“更何况,陛下此时不定能看到这一路下滑的刀剑,看到的还是那三步开外刀剑的‘影子’,却不知道自己看到的已是‘虚’的了,那实打实的刀剑早已离自己很远了。”温明棠说着,看向脸色难看的梁红巾,“你既一人吃饱,全家不饿,能扛一扛的,便莫要乱跑了。也不要意气用事的接私活,扔了朝廷的活计。”
“因为口子开的那般大,必会生蛇鼠之患。朝廷要人是迟早的事,于你‘梁红巾’这个人而言,这是个顶好的机会!”温明棠平静的说道,“红巾,你是女子,若是没有这机会,如今这般……任你武艺再高,也已然到头了。可遇上机会……就不同了,能再往前走一走,做个……唔,花木兰。”她说着,低头看向梁红巾腰间挂着的,那用布包着,露出脑袋来的‘花木兰糖人’,她对梁红巾坦言,“但我不知道要扛多久,所以,才道若是你的话可以试一试,因为你一人吃饱,全家不饿,能扛一扛。若是那一家子要养的……在不知道扛多久的情形下,家里怎么办?”

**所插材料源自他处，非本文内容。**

lemma qprob_shift_start:
  assumes "{kb \<in> space randomness_M. P (\<lambda>n. eta 0 kb (a n) (b n))} \<in> sets randomness_M"
  shows "qprob \<omega> x (\<lambda>\<eta>. P (\<lambda>n. \<eta> (a n) (x + b n)))
           = qprob (shift_seq x \<omega>) 0 (\<lambda>\<eta>. P (\<lambda>n. \<eta> (a n) (b n)))"
proof -
  let ?S = "{kb. P (\<lambda>n. eta 0 kb (a n) (b n))}"
  have S: "?S \<in> sets (rand_law (shift_seq x \<omega>))"
    using assms by (simp add: sets_rand_law space_randomness_M)
  have "qprob \<omega> x (\<lambda>\<eta>. P (\<lambda>n. \<eta> (a n) (x + b n)))
          = measure (rand_law \<omega>) (shift_rand x -` ?S \<inter> space (rand_law \<omega>))"
    by (simp add: qprob_def space_rand_law eta_add_start)
  also have "\<dots> = measure (distr (rand_law \<omega>) (rand_law (shift_seq x \<omega>)) (shift_rand x)) ?S"
    by (rule measure_distr[OF measurable_shift_rand S, symmetric])
  also have "\<dots> = qprob (shift_seq x \<omega>) 0 (\<lambda>\<eta>. P (\<lambda>n. \<eta> (a n) (b n)))"
    by (simp add: distr_rand_law_shift_rand qprob_def space_rand_law)
  finally show ?thesis .
qed

section \<open>Measurable dependence of the quenched law on the environment\<close>

context
begin

interpretation pmf_as_function .

lemma pmf_bernoulli_pmf:
  "pmf (bernoulli_pmf h) b = (if b then min 1 (max 0 h) else 1 - min 1 (max 0 h))"
  by transfer auto

end

lemma measurable_measure_pmf_kernel:
  fixes F :: "'a \<Rightarrow> 'b::countable pmf"
  assumes "\<And>b. (\<lambda>x. pmf (F x) b) \<in> borel_measurable M"
  shows "(\<lambda>x. measure_pmf (F x)) \<in> measurable M (subprob_algebra (count_space UNIV))"
proof (rule measurable_subprob_algebra)
  fix A :: "'b set"
  have "(\<lambda>p. ennreal (pmf (F (fst p)) (snd p)) * indicator A (snd p))
          \<in> borel_measurable (M \<Otimes>\<^sub>M count_space UNIV)"
    by (rule measurable_compose_countable[where f = "\<lambda>b p. ennreal (pmf (F (fst p)) b) * indicator A b"])
      (use assms in measurable)
  then have "(\<lambda>x. \<integral>\<^sup>+ b. ennreal (pmf (F x) b) * indicator A b \<partial>count_space UNIV) \<in> borel_measurable M"
    by (intro sigma_finite_measure.borel_measurable_nn_integral
        sigma_finite_measure_count_space_countable) (simp_all add: case_prod_beta)
  then show "(\<lambda>x. emeasure (measure_pmf (F x)) A) \<in> borel_measurable M"
    by (simp add: nn_integral_measure_pmf[symmetric] nn_integral_indicator)
qed (simp_all add: prob_space_imp_subprob_space prob_space_measure_pmf)

lemma measurable_measure_pmf_offspring_M:
  "measure_pmf \<in> measurable offspring_M (subprob_algebra (count_space UNIV))"
proof (rule measurable_measure_pmf_kernel[where F = "\<lambda>\<mu>. \<mu>"])
  fix b :: nat
  have "pmf \<in> measurable offspring_M (Pi\<^sub>M UNIV (\<lambda>_::nat. borel))"
    unfolding offspring_M_def by (rule measurable_vimage_algebra1) (auto simp: space_PiM)
  then show "(\<lambda>\<mu>. pmf \<mu> b) \<in> borel_measurable offspring_M"
    by measurable
qed

lemma measurable_bernoulli_kernel:
  "(\<lambda>h. measure_pmf (bernoulli_pmf h)) \<in> measurable borel (subprob_algebra (count_space UNIV))"
  by (rule measurable_measure_pmf_kernel) (unfold pmf_bernoulli_pmf, measurable)

lemma measurable_PiM_kernel:
  assumes K: "\<And>i. i \<in> I \<Longrightarrow> N i \<in> measurable M (subprob_algebra (C i))"
    and prob: "\<And>i \<omega>. i \<in> I \<Longrightarrow> \<omega> \<in> space M \<Longrightarrow> prob_space (N i \<omega>)"
  shows "(\<lambda>\<omega>. \<Pi>\<^sub>M i\<in>I. N i \<omega>) \<in> measurable M (subprob_algebra (\<Pi>\<^sub>M i\<in>I. C i))"
proof -
  have sets: "sets (N i \<omega>) = sets (C i)" if "\<omega> \<in> space M" "i \<in> I" for \<omega> i
    using sets_kernel[OF K] that by blast
  then have spaces: "space (N i \<omega>) = space (C i)" if "\<omega> \<in> space M" "i \<in> I" for \<omega> i
    using that by (metis sets_eq_imp_space_eq)
  have prob_PiM: "prob_space (\<Pi>\<^sub>M i\<in>I. N i \<omega>)" if "\<omega> \<in> space M" for \<omega>
    using prob that by (intro prob_space_PiM) auto
  have emb: "emeasure (\<Pi>\<^sub>M i\<in>I. N i \<omega>) (prod_emb I C J (Pi\<^sub>E J E)) = (\<Prod>i\<in>J. emeasure (N i \<omega>) (E i))"
    if "\<omega> \<in> space M" "finite J" "J \<subseteq> I" "\<And>i. i \<in> J \<Longrightarrow> E i \<in> sets (C i)" for \<omega> J E
  proof -
    have "prod_emb I C J (Pi\<^sub>E J E) = prod_emb I (\<lambda>i. N i \<omega>) J (Pi\<^sub>E J E)"
      unfolding prod_emb_def using spaces[OF that(1)] by (auto simp: PiE_def Pi_def)
    then show ?thesis
      using that sets prob by (simp add: emeasure_PiM_emb subsetD)
  qed
  show ?thesis
  proof (rule measurable_subprob_algebra_generated
      [OF sets_PiM Int_stable_prod_algebra prod_algebra_sets_into_space])
    fix \<omega> assume "\<omega> \<in> space M"
    then show "subprob_space (\<Pi>\<^sub>M i\<in>I. N i \<omega>)" "sets (\<Pi>\<^sub>M i\<in>I. N i \<omega>) = sets (\<Pi>\<^sub>M i\<in>I. C i)"
      by (auto intro!: prob_space_imp_subprob_space sets_PiM_cong simp: sets prob_PiM)
  next
    fix A assume "A \<in> prod_algebra I C"
    then obtain J E where A: "A = prod_emb I C J (Pi\<^sub>E J E)" and J: "finite J" "J \<subseteq> I"
      and E: "\<And>i. i \<in> J \<Longrightarrow> E i \<in> sets (C i)"
      by (rule prod_algebraE) auto
    have "(\<lambda>\<omega>. \<Prod>i\<in>J. emeasure (N i \<omega>) (E i)) \<in> borel_measurable M"
      using K E J by (intro borel_measurable_prod_ennreal measurable_emeasure_kernel) auto
    then show "(\<lambda>\<omega>. emeasure (\<Pi>\<^sub>M i\<in>I. N i \<omega>) A) \<in> borel_measurable M"
      by (rule measurable_cong[THEN iffD1, rotated]) (simp add: A emb J E)
  next
    have "emeasure (\<Pi>\<^sub>M i\<in>I. N i \<omega>) (\<Pi>\<^sub>E i\<in>I. space (C i)) = 1" if "\<omega> \<in> space M" for \<omega>
      using that prob_space.emeasure_space_1[OF prob_PiM[OF that]]
      by (simp add: space_PiM spaces cong: PiE_cong)
    then show "(\<lambda>\<omega>. emeasure (\<Pi>\<^sub>M i\<in>I. N i \<omega>) (\<Pi>\<^sub>E i\<in>I. space (C i))) \<in> borel_measurable M"
      by (subst measurable_cong[where g = "\<lambda>_. 1"]) simp_all
  qed
qed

梁红巾闻言,叹了口气,跟着温明棠在廊下坐了下来,而后转头对温明棠说道:“我明白的,明棠你一贯是会将话说清楚的。清楚缘由之后,人自是明白自己在做什么,不惧的。”她说着,顿了顿,又道,“对我自己而言自是个好机会,可看着陛下这般胡来……总是让人难受的。”
“大抵……是因为打仗总是要死人的缘故吧!”温明棠说道,“我等的尽力而为也只能做不主动挑起战事的那一方,做将战事之火熄灭的那一方。”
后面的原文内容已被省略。